We currently have no means to provide information about what’s happening or being said in the video, which means the video isn’t very accessible and the user can’t easily navigate to a particular section of the video. Thankfully, there’s a new format specification in the works called WebVTT (Web Video Text Tracks). As of now, it’s only in the WHATWG spec, but the recently established W3C Web Media Text Tracks Community Group should introduce a WebVTT spec to the W3C soon.

You may recall a similar format called WebSRT (Web Subtitle Resource Tracks) that was recently under discussion. WebSRT was renamed to, and has been replaced by, WebVTT.

A WebVTT (.vtt) file is simply plain text containing several types of information about the video:

Subtitles
The transcription or translation of the dialogue.
Captions
Similar to subtitles, but may also include sound effects and other audio information.
Descriptions
Intended to be a separate text file that describes the video through a screenreader.
Chapters
Intended to help the user navigate through the video.
Metadata
Information and content about the video, which isn’t intended to be displayed to the viewer by default, though you may wish to do so using JavaScript.

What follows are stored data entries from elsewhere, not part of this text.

(* Let $\mathcal A$ be the set of triples $(\mathfrak g,\theta,h)$ with $\mathfrak g$ a semisimple real Lie algebra, $h$ an Euler element of $\mathfrak g$ and $\theta$ a Cartan involution with $\theta(h)=-h$; let $\mathcal B$ be the set of triples $(\mathfrak g,\tau,z)$ with $\mathfrak g$ semisimple, $z$ an H-element of $\mathfrak g$ and $\tau$ an involution of $\mathfrak g$ with $\tau(z)=-z$. Then $\Phi(\mathfrak g,\theta,h):=(\mathfrak g^c,\tau^c,ih)$, where $\tau:=\tau_h\theta$, $\mathfrak g^c:=\mathfrak g^\tau+i\mathfrak g^{-\tau}\subseteq\mathfrak g_{\mathbb C}$ and $\tau^c(x+iy)=x-iy$, defines a bijection $\Phi:\mathcal A\to\mathcal B$.
   Context: Euler element: $\mathrm{ad}\,h\ne0$ diagonalizable with spectrum in $\{-1,0,1\}$; $\tau_h=e^{\pi i\,\mathrm{ad}\,h}$ acts by $(-1)^j$ on the $j$-eigenspace of $\mathrm{ad}\,h$. An element $z$ of a reductive Lie algebra $\mathfrak l$ is an H-element if $iz$ is an Euler element of $\mathfrak l_{\mathbb C}$ and $\ker(\mathrm{ad}\,z)$ is maximal compactly embedded in $\mathfrak l$ (equivalently $e^{\pi\,\mathrm{ad}\,z}$ restricts to a Cartan involution of $[\mathfrak l,\mathfrak l]$). *)

theory Defs
  imports "HOL-Analysis.Analysis"
begin

text \<open>Ambient setting: a finite-dimensional complex Lie algebra L, realised as
  complex^'n with a complex-bilinear bracket br. Real Lie algebras are real
  forms g of L (so L = g_C); real subspaces use the real vector space structure
  of complex^'n (scaleR).\<close>

definition complex_lie :: "(complex^'n \<Rightarrow> complex^'n \<Rightarrow> complex^'n) \<Rightarrow> bool" where
  "complex_lie br \<longleftrightarrow>
     (\<forall>x y z. br (x + y) z = br x z + br y z) \<and>
     (\<forall>x y z. br x (y + z) = br x y + br x z) \<and>
     (\<forall>c x y. br (c *s x) y = c *s br x y) \<and>
     (\<forall>c x y. br x (c *s y) = c *s br x y) \<and>
     (\<forall>x. br x x = 0) \<and>
     (\<forall>x y z. br x (br y z) + br y (br z x) + br z (br x y) = 0)"
(* Let $f\in K[z]$ be a polynomial of degree $d\ge2$ with $\mathrm{Crit}(f)\cap J(f)\neq\emptyset$. Then there exist a constant $M\ge1$ and $N\ge 1$ such that for every $c\in\mathrm{Crit}(f)\cap J(f)$ and every $n\ge N$, the iterate $f^n$ has at most $M$ critical values (in $K$) lying in the disk $D_n(c)$.
   Context: $K$ is an algebraically closed field of characteristic $0$, complete with respect to a nontrivial nonarchimedean absolute value $|\cdot|$; $D(x,r)=\{y\in K:|y-x|<r\}$. Set $p=\mathrm{res.char}(K)$ if positive and $p=e$ otherwise. $\mathsf{P}^1$ is the Berkovich projective line over $K$, $\mathsf{A}^1=\mathsf{P}^1\setminus\{\infty\}$; $\|g\|_\xi$ is the value at $g$ of the seminorm $\xi$; a point corresponding to a closed disk $\overline D(x,r)$ has $\|g\|_\xi=\sup_{\overline D(x,r)}|g|$ and $\mathrm{diam}(\xi)=r$. $\deg_\xi f$ is the local degree, $\kappa(f)=\min\{\log_p|\deg_\xi f|:\xi\in\mathsf{P}^1\}$. $\mathcal{K}(f)$ is the set of $\xi\in\mathsf{A}^1$ with $f^n(\xi)\not\to\infty$, $J(f)=\partial\mathcal{K}(f)$. $\mathrm{Crit}(f)\subset K$ is the set of zeros of $f'$; critical values of $f^n$ are images under $f^n$ of zeros of $(f^n)'$. The base point $\xi_f$ corresponds to the smallest closed disk in $K$ containing $\mathcal{K}(f)\cap K$, $R_f=\mathrm{diam}(\xi_f)$, $\Xi_f=p^{-\kappa(f)}\|f'\|_{\xi_f}$, and for $s>0$, $x\in K$: $D_s(x)=D(x,R_f\Xi_f^{-s})$. *)

theory Defs
  imports Complex_Main "HOL-Computational_Algebra.Polynomial" "HOL-Computational_Algebra.Primes"
begin

text \<open>K is modelled as a type of class field_char_0 together with a function absv.\<close>

definition nonarch_complete_acf :: "('a::field_char_0 \<Rightarrow> real) \<Rightarrow> bool" where
  "nonarch_complete_acf absv \<longleftrightarrow>
     (\<forall>x. absv x \<ge> 0) \<and> (\<forall>x. absv x = 0 \<longleftrightarrow> x = 0) \<and>
     (\<forall>x y. absv (x * y) = absv x * absv y) \<and>
     (\<forall>x y. absv (x + y) \<le> max (absv x) (absv y)) \<and>
     (\<exists>x. absv x \<noteq> 0 \<and> absv x \<noteq> 1) \<and>
     (\<forall>X :: nat \<Rightarrow> 'a. (\<forall>e>0. \<exists>N. \<forall>m\<ge>N. \<forall>n\<ge>N. absv (X m - X n) < e)
          \<longrightarrow> (\<exists>L. (\<lambda>n. absv (X n - L)) \<longlonglongrightarrow> 0)) \<and>
     (\<forall>p :: 'a poly. degree p \<ge> 1 \<longrightarrow> (\<exists>z. poly p z = 0))"

text \<open>p = residue characteristic if positive, e otherwise.\<close>
definition res_p :: "('a::field_char_0 \<Rightarrow> real) \<Rightarrow> real" where
  "res_p absv = (if \<exists>q::nat. prime q \<and> absv (of_nat q) < 1
                 then real (THE q::nat. prime q \<and> absv (of_nat q) < 1) else exp 1)"

definition fiter :: "'a::comm_ring_1 poly \<Rightarrow> nat \<Rightarrow> 'a poly" where
  "fiter f n = ((\<lambda>q. pcompose f q) ^^ n) [:0, 1:]"

text \<open>Classical points of the filled Julia set K(f).\<close>
definition filledK :: "('a::field_char_0 \<Rightarrow> real) \<Rightarrow> 'a poly \<Rightarrow> 'a set" where
  "filledK absv f = {x. \<not> filterlim (\<lambda>n. absv ((poly f ^^ n) x)) at_top sequentially}"

text \<open>Classical points of J(f) = boundary of K(f) in the Berkovich line.\<close>
definition juliaK :: "('a::field_char_0 \<Rightarrow> real) \<Rightarrow> 'a poly \<Rightarrow> 'a set" where
  "juliaK absv f = {c \<in> filledK absv f. \<forall>r>0. \<exists>y. absv (y - c) < r \<and> y \<notin> filledK absv f}"
lemma bi_image_in_image_shift:
  assumes "non_erasing \<sigma>" "x \<in> X" "is_bi_image \<sigma> x y"
  shows "y \<in> image_shift \<sigma> X"
  using assms unfolding image_shift_def non_erasing_def
  by (intro CollectI exI[of _ x] exI[of _ y] exI[of _ 0]) auto

lemma lang_image_shiftE:
  assumes "w \<in> lang (image_shift \<sigma> X)"
  obtains x y i j where "x \<in> X" "is_bi_image \<sigma> x y" "w = segment y i j" "int (length w) = j - i"
proof -
  obtain y' i where "y' \<in> image_shift \<sigma> X" and w: "w = factor_at y' i (length w)"
    using assms unfolding lang_def by blast
  then obtain x y k where "x \<in> X" "is_bi_image \<sigma> x y" "y' = (shift ^^ k) y"
    unfolding image_shift_def by blast
  moreover from w \<open>y' = (shift ^^ k) y\<close> have "w = factor_at y (i + int k) (length w)"
    by (simp add: shift_pow factor_at_def algebra_simps)
  ultimately show ?thesis
    using that[of x y "i + int k" "i + int k + int (length w)"] by (simp add: factor_at_eq_segment)
qed

locale bi_image =
  fixes \<sigma> :: "'a \<Rightarrow> 'b list" and x :: "int \<Rightarrow> 'a" and y :: "int \<Rightarrow> 'b"
  assumes non_erasing: "non_erasing \<sigma>" and image: "is_bi_image \<sigma> x y"
begin

abbreviation start :: "int \<Rightarrow> int" where
  "start \<equiv> start_pos \<sigma> x"

lemma start_less_iff [simp]: "start n < start m \<longleftrightarrow> n < m"
  using strict_mono_less[OF strict_mono_start_pos[OF non_erasing]] .

lemma start_le_iff [simp]: "start n \<le> start m \<longleftrightarrow> n \<le> m"
  using strict_mono_less_eq[OF strict_mono_start_pos[OF non_erasing]] .

lemma block_cover: "\<exists>n. start n \<le> t \<and> t < start (n + 1)"
  using strict_mono_int_cover[OF strict_mono_start_pos[OF non_erasing]] .

lemma segment_block: "segment y (start n) (start (n + 1)) = \<sigma> (x n)"
  using image by (intro nth_equalityI) (auto simp: is_bi_image_def start_pos_add1)

lemma block_split:
  assumes "start n \<le> t" "t \<le> start (n + 1)"
  shows "\<sigma> (x n) = segment y (start n) t @ segment y t (start (n + 1))"
  using assms by (simp add: segment_append segment_block)
lemma exp_Re_eta_le_Re_csqrt:
  assumes "l \<le> 0"
  obtains C where "\<And>w. 0 < Re w \<Longrightarrow> exp (l * Re (eta a w)) \<le> C * Re (csqrt (w + 3))"
proof -
  txt \<open>\<open>e\<close> is chosen so that \<open>-l * e \<le> 1/2\<close>, which turns the sublinear bound on \<open>|Ln (w + 3)|^a\<close>
    into \<open>exp (l * Re (eta a w)) \<le> K * |w + 3|^(1/2)\<close>.\<close>
  define e where "e = 1 / (2 - 2 * l)"
  have "0 < e" "- l * e \<le> 1/2" using assms by (simp_all add: e_def field_simps)
  obtain M where "0 \<le> M" and M: "\<And>u. 0 \<le> u \<Longrightarrow> u powr a \<le> e * u + M"
    using powr_le_linear_plus_const[of a e] a_pos a_less_one \<open>0 < e\<close> by auto
  define K where "K = exp (1 - l * M)"
  have "exp (l * Re (eta a w)) \<le> 2 * K * Re (csqrt (w + 3))" if "0 < Re w" for w
  proof -
    let ?L = "Ln (w + 3)" and ?r = "norm (w + 3)"
    have "3 \<le> ?r" using that by (intro Ln_shift_bounds(1)) simp
    then have "0 < ?r" by linarith
    have "- Re (eta a w) \<le> norm ?L powr a"
      using that complex_Re_le_cmod[of "?L powr of_real a"] by (simp add: eta_def norm_powr_real_powr')
    also have "\<dots> \<le> e * norm ?L + M" by (rule M) simp
    finally have "- l * - Re (eta a w) \<le> - l * (e * norm ?L + M)"
      using assms by (intro mult_left_mono) auto
    then have "l * Re (eta a w) \<le> - l * (e * norm ?L + M)" by simp
    also have "\<dots> \<le> 1/2 * norm ?L - l * M"
      using mult_right_mono[OF \<open>- l * e \<le> 1/2\<close> norm_ge_zero[of ?L]] by (simp add: algebra_simps)
    also have "\<dots> \<le> ln ?r / 2 + (1 - l * M)"
      using Ln_shift_bounds(4)[of w] that by simp
    finally have "exp (l * Re (eta a w)) \<le> exp (ln ?r / 2) * K"
      by (simp add: K_def exp_add[symmetric])
    also have "exp (ln ?r / 2) = sqrt ?r"
      using \<open>0 < ?r\<close> by (simp add: powr_half_sqrt[symmetric] powr_def)
    also have "sqrt ?r * K \<le> 2 * Re (csqrt (w + 3)) * K"
      using that by (intro mult_right_mono sqrt_norm_le_Re_csqrt) (auto simp: K_def)
    finally show ?thesis by (simp only: mult_ac)
  qed
  then show thesis by (rule that)
qed

lemma has_p_frequencies_eta_image: "has_p_frequencies (eta a ` {w. 0 < Re w})"
  unfolding has_p_frequencies_def
proof (intro exI[of _ 1] conjI allI impI)
  fix l :: real assume "l \<le> 0"
  then obtain C where C: "\<And>w. 0 < Re w \<Longrightarrow> exp (l * Re (eta a w)) \<le> C * Re (csqrt (w + 3))"
    using exp_Re_eta_le_Re_csqrt by blast
  have "(\<lambda>w. of_real C * csqrt (w + 3)) holomorphic_on {w. 0 < Re w}"
    by (intro holomorphic_intros) (auto simp: complex_nonpos_Reals_iff)
  then show "(\<lambda>z. exp (of_real l * z)) \<in> hardy_space 1 (eta a ` {w. 0 < Re w})"
    using C holomorphic_on_right_half_plane inj_on_right_half_plane
    by (intro hardy_space_image_majorantI[where H = "\<lambda>w. of_real C * csqrt (w + 3)"])
      (auto simp: open_halfspace_Re_gt intro!: holomorphic_intros)
qed simp

lemma Re_eta_unbounded_below: "\<exists>w. 0 < Re w \<and> Re (eta a w) \<le> - M"
proof -
  define \<kappa> where "\<kappa> = cos (a * pi / 2)"
  have "0 < \<kappa>" unfolding \<kappa>_def using a_pos a_less_one by (intro cos_mult_pi_half_pos) auto
  define Q where "Q = (1 + \<bar>M\<bar>) / \<kappa>"
  have "0 < Q" using \<open>0 < \<kappa>\<close> by (simp add: Q_def add_pos_nonneg)
  define w where "w = Complex 1 (exp (Q powr (1 / a)))"
  have "exp (Q powr (1 / a)) \<le> norm (w + 3)"
    using abs_Im_le_cmod[of "w + 3"] by (simp add: w_def)
  then have "Q powr (1 / a) \<le> ln (norm (w + 3))"
    by (subst ln_ge_iff) (use Ln_shift_bounds(1)[of w] in \<open>auto simp: w_def\<close>)
  also have "\<dots> = Re (Ln (w + 3))" using Ln_shift_bounds(2)[of w] by (simp add: w_def)
  also have "\<dots> \<le> norm (Ln (w + 3))" by (rule complex_Re_le_cmod)
  finally have "Q \<le> norm (Ln (w + 3)) powr a"
    using powr_mono2[of a "Q powr (1 / a)"] \<open>0 < Q\<close> a_pos by (simp add: powr_powr)
  then have "\<kappa> * Q \<le> \<kappa> * norm (Ln (w + 3)) powr a" using \<open>0 < \<kappa>\<close> by simp
  also have "\<dots> \<le> Re (Ln (w + 3) powr of_real a)"
    unfolding \<kappa>_def using a_pos a_less_one by (intro Re_Ln_shift_powr_ge) (auto simp: w_def)
  finally have "\<kappa> * Q \<le> Re (Ln (w + 3) powr of_real a)" .
  then have "Re (eta a w) \<le> - M"
    using \<open>0 < \<kappa>\<close> by (simp add: eta_def w_def Q_def)
  then show ?thesis by (intro exI[of _ w]) (simp add: w_def)
qed

lemma eta_image_not_in_half_plane:
  assumes "c \<noteq> 0"
  shows "\<not> eta a ` {w. 0 < Re w} \<subseteq> {z. Re (c * z) < t}"
proof
  assume sub: "eta a ` {w. 0 < Re w} \<subseteq> {z. Re (c * z) < t}"
  show False
  proof (cases "Im c = 0 \<and> Re c < 0")
    case True
    obtain w where "0 < Re w" "Re (eta a w) \<le> - (\<bar>t\<bar> / \<bar>Re c\<bar>)"
      using Re_eta_unbounded_below by blast
    then have "\<bar>t\<bar> \<le> Re c * Re (eta a w)"
      using True mult_left_mono_neg[of "Re (eta a w)" "- (\<bar>t\<bar> / \<bar>Re c\<bar>)" "Re c"] by simp
    then show False using sub \<open>0 < Re w\<close> True by fastforce
  next
    case False
    then obtain z where "0 < Re z" "t \<le> Re (c * z)"
      using right_half_plane_not_in_half_plane[OF assms] by blast
    then show False using sub right_half_plane_subset_image by fastforce
  qed
qed

end

theorem proposition10p2:
  fixes a :: real
  assumes "0 < a" and "a < 1"
  shows "eta a holomorphic_on {w. 0 < Re w} \<and> inj_on (eta a) {w. 0 < Re w}
    \<and> log_starlike_at_infinity (eta a ` {w. 0 < Re w})
    \<and> has_p_frequencies (eta a ` {w. 0 < Re w})
    \<and> \<not> (\<exists>c t. c \<noteq> 0 \<and> eta a ` {w. 0 < Re w} \<subseteq> {z. Re (c * z) < t})"
proof -
  interpret eta_parameter a using assms by unfold_locales
  show ?thesis
    using holomorphic_on_right_half_plane inj_on_right_half_plane
      log_starlike_at_infinity_eta_image has_p_frequencies_eta_image eta_image_not_in_half_plane
    by blast
qed

end
(* Let $e\ge 2$ be fixed. For $n\ge 2$ let $c_{n,2e}=-\min_{x\in[-1,1]}Q_{n,2e}(x)$ and $b_{n,2e}=1+Q_{n,2e}(1)/c_{n,2e}$. Then there exist positive constants $A_{2e}$ and $B_{2e}$, depending only on $e$, such that \[\lim_{n\to\infty}\frac{c_{n,2e}}{n^e}=A_{2e}\quad\text{and}\quad\lim_{n\to\infty}\frac{b_{n,2e}}{n^e}=B_{2e}.\] Consequently $c_{n,2e}=A_{2e}n^e(1+o(1))$ and $b_{n,2e}=B_{2e}n^e(1+o(1))$ as $n\to\infty$.
   Context: $Q_{n,k}(x)$ denotes the Gegenbauer polynomial of degree $k$ associated with $\mathbb{S}^{n-1}\subseteq\mathbb{R}^n$: the $Q_{n,k}$ are orthogonal on $[-1,1]$ with respect to the weight $(1-x^2)^{(n-3)/2}$ and normalized so that $Q_{n,k}(1)=\binom{n+k-1}{n-1}-\binom{n+k-3}{n-1}$, the dimension of the space of real homogeneous harmonic polynomials of degree $k$ in $n$ variables. *)

theory Defs
  imports "HOL-Analysis.Analysis" "HOL-Computational_Algebra.Polynomial"
begin

text \<open>Dimension of the space of real homogeneous harmonic polynomials of degree k in n variables.\<close>
definition harm_dim :: "nat \<Rightarrow> nat \<Rightarrow> real" where
  "harm_dim n k = real ((n + k - 1) choose (n - 1)) - real ((n + k - 3) choose (n - 1))"

text \<open>Gegenbauer weight on [-1,1] for the sphere S^(n-1) in R^n.\<close>
definition geg_weight :: "nat \<Rightarrow> real \<Rightarrow> real" where
  "geg_weight n x = (1 - x\<^sup>2) powr ((real n - 3) / 2)"

definition Geg :: "nat \<Rightarrow> nat \<Rightarrow> real poly" where
  "Geg n k = (THE p. degree p = k \<and>
      (\<forall>q :: real poly. degree q < k \<longrightarrow>
         (LINT x:{-1..1}|lborel. geg_weight n x * poly p x * poly q x) = 0) \<and>
      poly p 1 = harm_dim n k)"

definition geg_c :: "nat \<Rightarrow> nat \<Rightarrow> real" where
  "geg_c n k = - (INF x\<in>{-1..1::real}. poly (Geg n k) x)"

definition geg_b :: "nat \<Rightarrow> nat \<Rightarrow> real" where
  "geg_b n k = 1 + poly (Geg n k) 1 / geg_c n k"

end

theory Submission
  imports Defs "HOL-Probability.Probability"
begin

text \<open>The even Gegenbauer polynomial is explicit: \<open>Q\<^sub>n\<^sub>,\<^sub>2\<^sub>e\<close> is a multiple of
  \<open>\<Sum>\<^sub>i (-1)\<^sup>i (e choose i) (n/2+e-1)\<^sub>i / (1/2)\<^sub>i x\<^sup>2\<^sup>i\<close>. Its orthogonality reduces, via the
  moments \<open>(1/2)\<^sub>r / (n/2)\<^sub>r\<close> of the weight, to the vanishing of an \<open>e\<close>-th finite difference
  of a polynomial of degree \<open>e - 1\<close>.
  Substituting \<open>x = t/\<surd>n\<close> and dividing the coefficient of \<open>t\<^sup>2\<^sup>i\<close> by \<open>n\<^sup>i\<close>, the polynomials converge
  coefficientwise to a multiple of the Hermite polynomial \<open>He\<^sub>2\<^sub>e\<close>. Having Gaussian mean zero, the
  latter takes negative values, and since the leading terms dominate for large \<open>|t|\<close> uniformly
  in \<open>n\<close>, the minimum over \<open>[-1,1]\<close> of the rescaled polynomial converges to the negative minimum
  of the limit. With the normalisation \<open>Q\<^sub>n\<^sub>,\<^sub>2\<^sub>e(1) \<sim> n\<^sup>2\<^sup>e/(2e)!\<close> this gives
  \<open>c\<^sub>n\<^sub>,\<^sub>2\<^sub>e \<sim> A n\<^sup>e\<close>, and then \<open>b\<^sub>n\<^sub>,\<^sub>2\<^sub>e = 1 + Q\<^sub>n\<^sub>,\<^sub>2\<^sub>e(1)/c\<^sub>n\<^sub>,\<^sub>2\<^sub>e \<sim> n\<^sup>e/((2e)! A)\<close>.\<close>

section \<open>Moments of the Gegenbauer weight\<close>

lemma geg_weight_pos:
  assumes "-1 < x" "x < 1"
  shows "geg_weight n x > 0"
proof -
  have "x\<^sup>2 < 1" using assms by (simp add: abs_square_less_1 abs_less_iff)
  then show ?thesis unfolding geg_weight_def by simp
qed

text \<open>For \<open>n = 3\<close> the weight is not continuous, since \<open>0 powr 0 = 0\<close> in Isabelle.\<close>
lemma continuous_on_geg_weight:
  assumes "n \<ge> 4"
  shows "continuous_on {-1..1} (geg_weight n)"
  unfolding geg_weight_def
  by (intro continuous_on_powr' continuous_intros) (use assms in \<open>auto simp: abs_square_le_1\<close>)

lemma integrable_geg_weight_poly:
  assumes "n \<ge> 4"
  shows "(\<lambda>x. geg_weight n x * poly p x * poly q x) integrable_on {-1..1}"
  by (intro integrable_continuous_interval continuous_intros continuous_on_geg_weight assms)

lemma set_integral_geg_weight_poly:
  assumes "n \<ge> 4"
  shows "(LINT x:{-1..1}|lborel. geg_weight n x * poly p x * poly q x) =
         integral {-1..1} (\<lambda>x. geg_weight n x * poly p x * poly q x)"
  by (intro set_borel_integral_eq_integral(2) borel_integrable_atLeastAtMost')
     (auto intro!: continuous_intros continuous_on_geg_weight assms)

definition geg_moment :: "nat \<Rightarrow> nat \<Rightarrow> real" where
  "geg_moment n m = integral {-1..1} (\<lambda>x. geg_weight n x * x ^ m)"

lemma geg_moment_has_integral:
  assumes "n \<ge> 4"
  shows "((\<lambda>x. geg_weight n x * x ^ m) has_integral geg_moment n m) {-1..1}"
  unfolding geg_moment_def
  by (intro integrable_integral integrable_continuous_interval continuous_intros
        continuous_on_geg_weight assms)

text \<open>Integrate the derivative of \<open>x\<^sup>j (1 - x\<^sup>2)\<^bsup>(n-1)/2\<^esup>\<close>, which vanishes at \<open>\<plusminus>1\<close>.\<close>
lemma geg_moment_rec:
  assumes n: "n \<ge> 4"
  shows "real j * geg_moment n (j - 1) = (real j + real n - 1) * geg_moment n (j + 1)"
proof -
  define a where "a = (real n - 3) / 2"
  have a: "a > 0" using n by (simp add: a_def)
  define F where "F x = x ^ j * (1 - x\<^sup>2) powr (a + 1)" for x :: real
  define F' where "F' x = real j * (geg_weight n x * x ^ (j - 1))
                          - (real j + real n - 1) * (geg_weight n x * x ^ (j + 1))" for x :: real
  have deriv: "(F has_vector_derivative F' x) (at x)" if x: "x \<in> {-1<..<1}" for x
  proof -
    have pos: "1 - x\<^sup>2 > 0" using x by (simp add: abs_square_less_1 abs_less_iff)
    have "(F has_real_derivative (real j * x ^ (j - 1) * (1 - x\<^sup>2) powr (a + 1) +
             x ^ j * ((a + 1) * (1 - x\<^sup>2) powr a * (- 2 * x)))) (at x)"
      unfolding F_def using pos by (auto intro!: derivative_eq_intros simp: powr_diff)
    moreover have "real j * x ^ (j - 1) * (1 - x\<^sup>2) powr (a + 1) +
             x ^ j * ((a + 1) * (1 - x\<^sup>2) powr a * (- 2 * x)) = F' x"
    proof -
      have powr_split: "(1 - x\<^sup>2) powr (a + 1) = (1 - x\<^sup>2) * (1 - x\<^sup>2) powr a"
        using pos by (simp add: powr_add)
      have shift: "real j * x ^ (j - 1) * x\<^sup>2 = real j * x ^ (j + 1)"
        by (cases j) (auto simp: power2_eq_square)
      have gw: "geg_weight n x = (1 - x\<^sup>2) powr a" by (simp add: geg_weight_def a_def)
      have exponent: "real j + 2 * a + 2 = real j + real n - 1" by (simp add: a_def field_simps)
      have "real j * x ^ (j - 1) * (1 - x\<^sup>2) powr (a + 1) +
              x ^ j * ((a + 1) * (1 - x\<^sup>2) powr a * (- 2 * x))
            = (1 - x\<^sup>2) powr a * (real j * x ^ (j - 1) - real j * x ^ (j - 1) * x\<^sup>2
                - 2 * (a + 1) * x ^ (j + 1))"
        unfolding powr_split by (simp add: algebra_simps)
      also have "\<dots> = (1 - x\<^sup>2) powr a * (real j * x ^ (j - 1) - (real j + 2 * a + 2) * x ^ (j + 1))"
        unfolding shift by (simp add: algebra_simps)
      also have "\<dots> = F' x"
        unfolding F'_def gw exponent by (simp add: algebra_simps)
      finally show ?thesis .
    qed
    ultimately show ?thesis by (simp add: has_real_derivative_iff_has_vector_derivative)
  qed
  have cont: "continuous_on {-1..1} F"
    unfolding F_def
    by (intro continuous_intros continuous_on_powr') (use a in \<open>auto simp: abs_square_le_1\<close>)
  have "(F' has_integral (F 1 - F (-1))) {-1..1}"
    by (rule fundamental_theorem_of_calculus_interior) (use deriv cont in auto)
  then have "(F' has_integral 0) {-1..1}" by (simp add: F_def)
  moreover have "(F' has_integral (real j * geg_moment n (j - 1)
                    - (real j + real n - 1) * geg_moment n (j + 1))) {-1..1}"
    unfolding F'_def by (intro has_integral_diff has_integral_mult_right geg_moment_has_integral n)
  ultimately show ?thesis by (metis has_integral_unique eq_iff_diff_eq_0)
qed

lemma geg_moment_odd:
  assumes n: "n \<ge> 4"
  shows "geg_moment n (2 * r + 1) = 0"
proof (induction r)
  case 0
  show ?case using geg_moment_rec[OF n, of 0] n by simp
next
  case (Suc r)
  have "real (2*r+2) * geg_moment n (2*r+1) = (real (2*r+2) + real n - 1) * geg_moment n (2*r+3)"
    using geg_moment_rec[OF n, of "2*r+2"] by (simp add: numeral_3_eq_3)
  then show ?case using Suc n by (simp add: numeral_3_eq_3)
qed

lemma geg_moment_even:
  assumes n: "n \<ge> 4"
  shows "geg_moment n (2 * r) = geg_moment n 0 * pochhammer (1/2) r / pochhammer (real n / 2) r"
proof (induction r)
  case 0
  show ?case by simp
next
  case (Suc r)
  have pos: "real (2*r) + real n > 0" "pochhammer (real n / 2) r > 0"
    using n by (auto intro: pochhammer_pos)
  have "real (2*r+1) * geg_moment n (2*r) = (real (2*r) + real n) * geg_moment n (2 * Suc r)"
    using geg_moment_rec[OF n, of "2*r+1"] by simp
  then have "geg_moment n (2 * Suc r) = (1/2 + real r) / (real n / 2 + real r) * geg_moment n (2*r)"
    using pos by (simp add: field_simps)
  also have "\<dots> = (1/2 + real r) / (real n / 2 + real r) *
      (geg_moment n 0 * pochhammer (1/2) r / pochhammer (real n / 2) r)"
    using Suc by simp
  also have "\<dots> = geg_moment n 0 * (pochhammer (1/2) r * (1/2 + real r)) /
      (pochhammer (real n / 2) r * (real n / 2 + real r))"
    by (simp add: field_simps)
  finally show ?case by (simp add: pochhammer_Suc)
qed

section \<open>Finite differences of polynomials\<close>

lemma alternating_choose_sum_Suc:
  fixes f :: "nat \<Rightarrow> real"
  shows "(\<Sum>j\<le>Suc e. (-1)^j * real (Suc e choose j) * f j) =
         (\<Sum>j\<le>e. (-1)^j * real (e choose j) * (f j - f (Suc j)))"
proof -
  have shift: "(\<Sum>j\<le>Suc e. (-1)^j * real (k choose j) * f j) =
        f 0 - (\<Sum>j\<le>e. (-1)^j * real (k choose Suc j) * f (Suc j))" for k
    by (subst sum.atMost_Suc_shift) (simp add: sum_negf)
  have "(\<Sum>j\<le>e. (-1)^j * real (e choose j) * f j) = f 0 - (\<Sum>j\<le>e. (-1)^j * real (e choose Suc j) * f (Suc j))"
    using shift[of e] by (simp add: binomial_eq_0)
  then show ?thesis
    unfolding shift by (simp add: sum.distrib sum_subtractf algebra_simps)
qed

This article will mostly be talking about subtitles and captions, but it will briefly touch on chapters too.

Beyond the scope of this article but worth mentioning is the text track API, which, amongst other things, denotes how many text tracks there are and which ones have loaded and are ready for use. If you have used this API, let us know.

How to Make and Link to a WebVTT file

All you need to make a WebVTT file is a simple text editor. Type WEBVTT as the first line of the file and save it as a .vtt file. In the future, we expect existing captioning tools such as Universal Subtitles to export to WebVTT format.

WEBVTT
The simplest possible valid WebVTT file

That’s all you need to get started. Next, we have to link to the file in the HTML document. We do this via the <track> element, which is a child of the video element. The <track> element has several optional attributes:

  • the source WebVTT file (src),
  • the language of the track (srclang),
  • a user-readable label, and
  • what kind of track it is. The values of the kind attribute come from the list above (i.e., subtitles, captions, etc.).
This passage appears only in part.